definition hc_mult :: "int list \<Rightarrow> hc \<Rightarrow> hc \<Rightarrow> hc" where
  "hc_mult c P Q =
     (cl_add (cl_mult (fst P) (fst Q)) (cl_mult (cl_mult (snd P) (snd Q)) c),
      cl_add (cl_mult (fst P) (snd Q)) (cl_mult (snd P) (fst Q)))"

fun hc_power :: "int list \<Rightarrow> hc \<Rightarrow> nat \<Rightarrow> hc" where
  "hc_power c P 0 = hc_const 1"
| "hc_power c P (Suc n) = hc_mult c P (hc_power c P n)"

definition hc_der :: "int list \<Rightarrow> hc \<Rightarrow> hc" where
  "hc_der c P =
     (cl_add (cl_scale 2 (cl_mult (cl_deriv (snd P)) c)) (cl_mult (snd P) (cl_deriv c)),
      cl_scale 2 (cl_deriv (fst P)))"

definition hc_is_zero :: "hc \<Rightarrow> bool" where
  "hc_is_zero P \<longleftrightarrow> list_all ((=) 0) (fst P) \<and> list_all ((=) 0) (snd P)"

lemma hc_eval_const [simp]: "hc_eval (hc_const a) u v = of_int a"
  by (simp add: hc_eval_def hc_const_def)

lemma hc_eval_add [simp]: "hc_eval (hc_add P Q) u v = hc_eval P u v + hc_eval Q u v"
  by (simp add: hc_eval_def hc_add_def algebra_simps)

lemma hc_eval_scale [simp]: "hc_eval (hc_scale a P) u v = of_int a * hc_eval P u v"
  by (simp add: hc_eval_def hc_scale_def algebra_simps)

lemma hc_eval_diff [simp]: "hc_eval (hc_diff P Q) u v = hc_eval P u v - hc_eval Q u v"
  by (simp add: hc_diff_def)

lemma hc_eval_mult [simp]:
  assumes "v\<^sup>2 = cl_eval c u"
  shows "hc_eval (hc_mult c P Q) u v = hc_eval P u v * hc_eval Q u v"
  by (simp add: hc_eval_def hc_mult_def flip: assms) (simp add: algebra_simps power2_eq_square)

lemma hc_eval_power [simp]:
  "v\<^sup>2 = cl_eval c u \<Longrightarrow> hc_eval (hc_power c P n) u v = hc_eval P u v ^ n"
  by (induction n) simp_all

lemma of_int_hc_eval: "of_int (hc_eval P u v) = (hc_eval P (of_int u) (of_int v) :: 'a::comm_ring_1)"
proof -
  have "of_int (cl_eval p u) = (cl_eval p (of_int u) :: 'a)" for p :: "int list"
    by (induction p) simp_all
  then show ?thesis
    by (simp add: hc_eval_def)
qed

lemma hc_eval_eq_if_is_zero:
  "hc_is_zero (hc_diff P Q) \<Longrightarrow> hc_eval P u v = hc_eval Q u v"
  using hc_eval_diff[of P Q u v]
  by (simp add: hc_is_zero_def hc_eval_def cl_eval_eq_0 del: hc_eval_diff)

lemma param_curve_deriv:
  fixes U :: "'a::real_normed_field \<Rightarrow> 'a"
  assumes "open S" "v \<in> S" and U: "(U has_field_derivative U') (at v)"
    and curve: "\<forall>x\<in>S. x\<^sup>2 = cl_eval c (U x)"
  shows "U' * cl_eval (cl_deriv c) (U v) = 2 * v"
proof -
  have "((\<lambda>x. cl_eval c (U x)) has_field_derivative cl_eval (cl_deriv c) (U v) * U') (at v)"
    by (rule DERIV_chain2[OF has_field_derivative_cl_eval U])
  then have "((\<lambda>x. x\<^sup>2) has_field_derivative cl_eval (cl_deriv c) (U v) * U') (at v)"
    by (rule has_field_derivative_transform_within_open) (use assms curve in auto)
  moreover have "((\<lambda>x. x\<^sup>2) has_field_derivative 2 * v) (at v)"
    by (auto intro!: derivative_eq_intros)
  ultimately show ?thesis
    by (metis DERIV_unique mult.commute)
qed

text \<open>On a curve \<open>v\<^sup>2 = c(u)\<close> parametrised by \<open>v\<close>, the operator \<open>hc_der c\<close> is \<open>c'(u) d/dv\<close>.\<close>

lemma has_field_derivative_hc_eval:
  fixes U :: "'a::real_normed_field \<Rightarrow> 'a"
  assumes U: "(U has_field_derivative U') (at v)"
    and U': "U' * cl_eval (cl_deriv c) (U v) = 2 * v"
    and curve: "v\<^sup>2 = cl_eval c (U v)"
    and nz: "cl_eval (cl_deriv c) (U v) \<noteq> 0"
  shows "((\<lambda>x. hc_eval P (U x) x) has_field_derivative
           hc_eval (hc_der c P) (U v) v / cl_eval (cl_deriv c) (U v)) (at v)"
proof -
  let ?A = "fst P" and ?B = "snd P" and ?u = "U v"
  have "((\<lambda>x. cl_eval ?A (U x) + cl_eval ?B (U x) * x) has_field_derivative
      cl_eval (cl_deriv ?A) ?u * U' + (cl_eval (cl_deriv ?B) ?u * U' * v + 1 * cl_eval ?B ?u)) (at v)"
    by (intro DERIV_add DERIV_mult DERIV_chain2[OF has_field_derivative_cl_eval U] DERIV_ident)
  moreover have "cl_eval (cl_deriv ?A) ?u * U' + (cl_eval (cl_deriv ?B) ?u * U' * v + 1 * cl_eval ?B ?u)
      = hc_eval (hc_der c P) ?u v / cl_eval (cl_deriv c) ?u"
  proof -
    have "U' = 2 * v / cl_eval (cl_deriv c) ?u"
      using U' nz by (simp add: field_simps)
    then show ?thesis
      using nz by (simp add: hc_der_def hc_eval_def flip: curve) (simp add: field_simps power2_eq_square)
  qed
  ultimately show ?thesis
    by (simp add: hc_eval_def)
qed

EXERCISE OBJECTIVE ▸ Whatever else the listing above holds, retype exactly only the lines from the one containing "P \<longleftrightarrow> list_all" to the one containing "by (simp add: hc_eval_def hc_const_def)", both ends kept.

OUTPUT ▸
  "hc_is_zero P \<longleftrightarrow> list_all ((=) 0) (fst P) \<and> list_all ((=) 0) (snd P)"

lemma hc_eval_const [simp]: "hc_eval (hc_const a) u v = of_int a"
  by (simp add: hc_eval_def hc_const_def)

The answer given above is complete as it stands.